(DATA TO USE)

lemma hat_lambda_le:
  assumes r: "r > 1" and rs: "ereal r \<le> s" and n: "n \<ge> 1"
    and M: "\<forall>z\<in>lball r s n. (\<Sum>\<alpha>\<in>index_cut J n. test_weight r n \<alpha> * cmod (monom n \<alpha> z)) \<le> K"
  shows "hat_lambda r s J n \<le> K"
  unfolding hat_lambda_def
proof (rule cSUP_least)
  show "lball r s n \<noteq> {}" using zero_in_lball[OF r rs] by blast
  fix z assume z: "z \<in> lball r s n"
  have "(\<Sum>\<alpha>\<in>index_cut J n. c_coef r s n \<alpha> * cmod (monom n \<alpha> z))
      \<le> (\<Sum>\<alpha>\<in>index_cut J n. test_weight r n \<alpha> * cmod (monom n \<alpha> z))"
    using c_coef_le_test_weight[OF r rs n]
    by (intro sum_mono mult_right_mono) (auto simp: index_cut_def)
  also have "\<dots> \<le> K" using M z by blast
  finally show "(\<Sum>\<alpha>\<in>index_cut J n. c_coef r s n \<alpha> * cmod (monom n \<alpha> z)) \<le> K" .
qed

lemma nonneg_if_test_weight_sum_le:
  assumes "r > 1" "ereal r \<le> s"
    and M: "\<forall>z\<in>lball r s n. (\<Sum>\<alpha>\<in>index_cut J n. test_weight r n \<alpha> * cmod (monom n \<alpha> z)) \<le> K"
  shows "K \<ge> 0"
proof -
  have "0 \<le> (\<Sum>\<alpha>\<in>index_cut J n. test_weight r n \<alpha> * cmod (monom n \<alpha> (\<lambda>_. 0)))"
    by (intro sum_nonneg mult_nonneg_nonneg) (simp_all add: test_weight_def)
  also have "\<dots> \<le> K" using M zero_in_lball[OF assms(1,2)] by blast
  finally show ?thesis .
qed

lemma chi_mon_le:
  assumes r: "r > 1" and rs: "ereal r \<le> s" and n: "n \<ge> 1" and N: "N \<ge> 1"
    and IB: "index_cut J n \<subseteq> multi_indices n {..<N}"
    and M: "\<forall>z\<in>lball r s n. (\<Sum>\<alpha>\<in>index_cut J n. test_weight r n \<alpha> * cmod (monom n \<alpha> z)) \<le> K"
  shows "chi_mon r s J n \<le> K"
  unfolding chi_mon_def
proof (rule Inf_nonneg_le)
  show "K \<ge> 0" by (rule nonneg_if_test_weight_sum_le[OF r rs M])
  show "\<forall>c \<theta>. (\<forall>\<alpha>. cmod (\<theta> \<alpha>) = 1) \<longrightarrow>
      sup_norm r s n (poly_eval J n (\<lambda>\<alpha>. \<theta> \<alpha> * c \<alpha>)) \<le> K * sup_norm r s n (poly_eval J n c)"
  proof (intro allI impI)
    fix c :: "(nat \<Rightarrow> nat) \<Rightarrow> complex" and \<theta> :: "(nat \<Rightarrow> nat) \<Rightarrow> complex"
    assume \<theta>: "\<forall>\<alpha>. cmod (\<theta> \<alpha>) = 1"
    have bdd: "bdd_above ((\<lambda>z. cmod (poly_eval J n c z)) ` lball r s n)"
      by (rule bdd_above_poly_eval_lball[OF r rs n])
    show "sup_norm r s n (poly_eval J n (\<lambda>\<alpha>. \<theta> \<alpha> * c \<alpha>)) \<le> K * sup_norm r s n (poly_eval J n c)"
    proof (rule sup_norm_poly_eval_le[OF r rs M])
      show "0 \<le> sup_norm r s n (poly_eval J n c)" by (rule sup_norm_nonneg[OF r rs bdd])
      show "\<forall>\<alpha>\<in>index_cut J n. cmod (\<theta> \<alpha> * c \<alpha>) \<le> test_weight r n \<alpha> * sup_norm r s n (poly_eval J n c)"
      proof
        fix \<alpha> assume \<alpha>: "\<alpha> \<in> index_cut J n"
        have "cmod (\<theta> \<alpha> * c \<alpha>) = cmod (coeff_functional r N n \<alpha> (poly_eval J n c))"
          using coeff_functional_poly_eval[OF _ N IB \<alpha>] r \<theta> by (simp add: norm_mult)
        also have "\<dots> \<le> test_weight r n \<alpha> * sup_norm r s n (poly_eval J n c)"
          using norm_coeff_functional_le[OF r rs _ N bdd] \<alpha> by (simp add: index_cut_def)
        finally show "cmod (\<theta> \<alpha> * c \<alpha>) \<le> test_weight r n \<alpha> * sup_norm r s n (poly_eval J n c)" .
      qed
    qed
  qed
qed

lemma proj_const_le:
  assumes r: "r > 1" and rs: "ereal r \<le> s" and N: "N \<ge> 1"
    and IB: "index_cut J n \<subseteq> multi_indices n {..<N}"
    and M: "\<forall>z\<in>lball r s n. (\<Sum>\<alpha>\<in>index_cut J n. test_weight r n \<alpha> * cmod (monom n \<alpha> z)) \<le> K"
  shows "proj_const r s J n \<le> K"
proof -
  define Q where "Q = (\<lambda>f. poly_eval J n (\<lambda>\<alpha>. coeff_functional r N n \<alpha> f))"
  have reproduces: "Q (poly_eval J n c) z = poly_eval J n c z" for c z
    unfolding Q_def poly_eval_def[of J n "\<lambda>\<alpha>. coeff_functional r N n \<alpha> (poly_eval J n c)"]
    using coeff_functional_poly_eval[OF _ N IB, of r _ c] r by (simp add: poly_eval_def[of J n c])
  have bounded: "sup_norm r s n (Q f) \<le> K * sup_norm r s n f"
    if bdd: "bdd_above ((\<lambda>z. cmod (f z)) ` lball r s n)" for f
    unfolding Q_def
  proof (rule sup_norm_poly_eval_le[OF r rs M])
    show "0 \<le> sup_norm r s n f" by (rule sup_norm_nonneg[OF r rs bdd])
    show "\<forall>\<alpha>\<in>index_cut J n. cmod (coeff_functional r N n \<alpha> f) \<le> test_weight r n \<alpha> * sup_norm r s n f"
      using norm_coeff_functional_le[OF r rs _ N bdd] by (simp add: index_cut_def)
  qed
  show ?thesis
    unfolding proj_const_def
    using nonneg_if_test_weight_sum_le[OF r rs M] reproduces bounded
    by (intro Inf_nonneg_le exI[of _ Q] conjI)
       (auto simp: Q_def poly_eval_def coeff_functional_linear ring_distribs sum.distrib
          sum_distrib_left mult.assoc)
qed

(End DATA TO USE)

■ **TO DO**: Scan the records above. Return every line with "have" in it.

■ **EXERCISE RESPONSE**:
  have "(\<Sum>\<alpha>\<in>index_cut J n. c_coef r s n \<alpha> * cmod (monom n \<alpha> z))
  also have "\<dots> \<le> K" using M z by blast
  have "0 \<le> (\<Sum>\<alpha>\<in>index_cut J n. test_weight r n \<alpha> * cmod (monom n \<alpha> (\<lambda>_. 0)))"
  also have "\<dots> \<le> K" using M zero_in_lball[OF assms(1,2)] by blast
    have bdd: "bdd_above ((\<lambda>z. cmod (poly_eval J n c z)) ` lball r s n)"
        have "cmod (\<theta> \<alpha> * c \<alpha>) = cmod (coeff_functional r N n \<alpha> (poly_eval J n c))"
        also have "\<dots> \<le> test_weight r n \<alpha> * sup_norm r s n (poly_eval J n c)"
  have reproduces: "Q (poly_eval J n c) z = poly_eval J n c z" for c z
  have bounded: "sup_norm r s n (Q f) \<le> K * sup_norm r s n f"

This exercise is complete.